> [TASK REQUIREMENTS] The lines to reproduce run from the first one below to the line containing "fix a b assume", both included. Reproduce them exactly and nothing else.

> [Collected data]
================================

definition unit_vec :: "nat \<Rightarrow> nat \<Rightarrow> real" where
  "unit_vec a = (\<lambda>x. if x = a then 1 else 0)"

lemma lincomb_unit_vec: "finite G \<Longrightarrow> (\<And>x. x \<notin> G \<Longrightarrow> v x = 0) \<Longrightarrow> v = lincomb v unit_vec G"
  by (auto simp: lincomb_def unit_vec_def fun_eq_iff if_distrib sum.delta cong: if_cong)

lemma lin_indep_empty: "lin_indep f {}"
  by (simp add: lin_indep_def)

lemma lin_indep_inj_on:
  assumes "lin_indep f S" "finite S"
  shows "inj_on f S"
proof (rule inj_onI, rule ccontr)
  fix a b assume ab: "a \<in> S" "b \<in> S" "f a = f b" "a \<noteq> b"
  define c where "c = (\<lambda>k. if k = a then (1::real) else if k = b then -1 else 0)"
  have "lincomb c f S = lincomb c f {a, b}"
    using assms(2) ab by (intro lincomb_mono_neutral) (auto simp: c_def)
  also have "\<dots> = 0" using ab by (simp add: lincomb_def c_def fun_eq_iff)
  finally have "c a = 0" using assms(1) ab unfolding lin_indep_def by blast
  thus False by (simp add: c_def)
qed

lemma lin_indep_imp_independent:
  assumes "lin_indep f S" "finite S"
  shows "fun_vector.independent (f ` S)"
proof
  assume "fun_vector.dependent (f ` S)"
  then obtain u where u: "\<exists>v\<in>f ` S. u v \<noteq> 0" "(\<Sum>v\<in>f ` S. (\<lambda>x. u v * v x)) = 0"
    using fun_vector.dependent_finite assms(2) by auto
  have "lincomb (u \<circ> f) f S = 0"
    using u(2) unfolding lincomb_eq_sum sum.reindex[OF lin_indep_inj_on[OF assms]] by (simp add: o_def)
  then have "\<forall>k\<in>S. u (f k) = 0" using assms(1) unfolding lin_indep_def by auto
  thus False using u(1) by auto
qed

lemma lin_indep_card_le:
  assumes "lin_indep f S" "finite S" "finite G" "\<And>k. k \<in> S \<Longrightarrow> \<exists>c. f k = lincomb c g G"
  shows "card S \<le> card G"
proof -
  have "f ` S \<subseteq> fun_vector.span (g ` G)"
    using assms(4) lincomb_in_span by (fastforce simp del: lincomb_def)
  then have "card (f ` S) \<le> card (g ` G)"
    using fun_vector.independent_span_bound[OF finite_imageI[OF assms(3)]
        lin_indep_imp_independent[OF assms(1,2)]] by simp
  also have "\<dots> \<le> card G" by (rule card_image_le[OF assms(3)])
  finally show ?thesis using card_image[OF lin_indep_inj_on[OF assms(1,2)]] by simp
qed

lemma lin_indep_subset:
  assumes "lin_indep f S" "T \<subseteq> S" "finite S"
  shows "lin_indep f T"
  unfolding lin_indep_def
proof (intro allI impI ballI)
  fix c k assume c: "lincomb c f T = 0" and k: "k \<in> T"
  define c' where "c' = (\<lambda>j. if j \<in> T then c j else 0)"
  have "lincomb c' f S = lincomb c' f T" using assms by (intro lincomb_mono_neutral) (auto simp: c'_def)
  also have "\<dots> = lincomb c f T" by (intro lincomb_cong) (auto simp: c'_def)
  finally have "lincomb c' f S = 0" using c by simp
  then have "c' k = 0" using assms(1,2) k unfolding lin_indep_def by blast
  thus "c k = 0" using k by (simp add: c'_def)
qed

lemma lin_indep_coeffs_eq:
  assumes "lin_indep f S" "lincomb c f S = lincomb d f S" "k \<in> S"
  shows "c k = d k"
proof -
  have "lincomb (\<lambda>k. c k - d k) f S = 0" using assms(2) by (simp add: lincomb_diff)
  thus ?thesis using assms(1,3) unfolding lin_indep_def by fastforce
qed

lemma lin_indep_insert:
  assumes "finite S" "lin_indep f S" "k \<notin> S" "\<nexists>c. f k = lincomb c f S"
  shows "lin_indep f (insert k S)"
  unfolding lin_indep_def
proof (intro allI impI)
  fix c assume c: "lincomb c f (insert k S) = 0"
  then have sum0: "c k * f k x + lincomb c f S x = 0" for x
    using lincomb_insert[OF assms(1,3)] by (metis zero_fun_def)
  have ck: "c k = 0"
  proof (rule ccontr)
    assume "c k \<noteq> 0"
    then have "f k = lincomb (\<lambda>j. - c j / c k) f S"
      using sum0 by (auto simp: lincomb_def fun_eq_iff sum_divide_distrib[symmetric] sum_negf field_simps)
        (metis add.commute add_eq_0_iff2 mult.commute)
    thus False using assms(4) by blast
  qed
  then have "lincomb c f S = 0" using sum0 by (simp add: fun_eq_iff)
  then show "\<forall>j\<in>insert k S. c j = 0" using ck assms(2) unfolding lin_indep_def by blast
qed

================================

> [COMPLETED TASK]
definition unit_vec :: "nat \<Rightarrow> nat \<Rightarrow> real" where
  "unit_vec a = (\<lambda>x. if x = a then 1 else 0)"

lemma lincomb_unit_vec: "finite G \<Longrightarrow> (\<And>x. x \<notin> G \<Longrightarrow> v x = 0) \<Longrightarrow> v = lincomb v unit_vec G"
  by (auto simp: lincomb_def unit_vec_def fun_eq_iff if_distrib sum.delta cong: if_cong)

lemma lin_indep_empty: "lin_indep f {}"
  by (simp add: lin_indep_def)

lemma lin_indep_inj_on:
  assumes "lin_indep f S" "finite S"
  shows "inj_on f S"
proof (rule inj_onI, rule ccontr)
  fix a b assume ab: "a \<in> S" "b \<in> S" "f a = f b" "a \<noteq> b"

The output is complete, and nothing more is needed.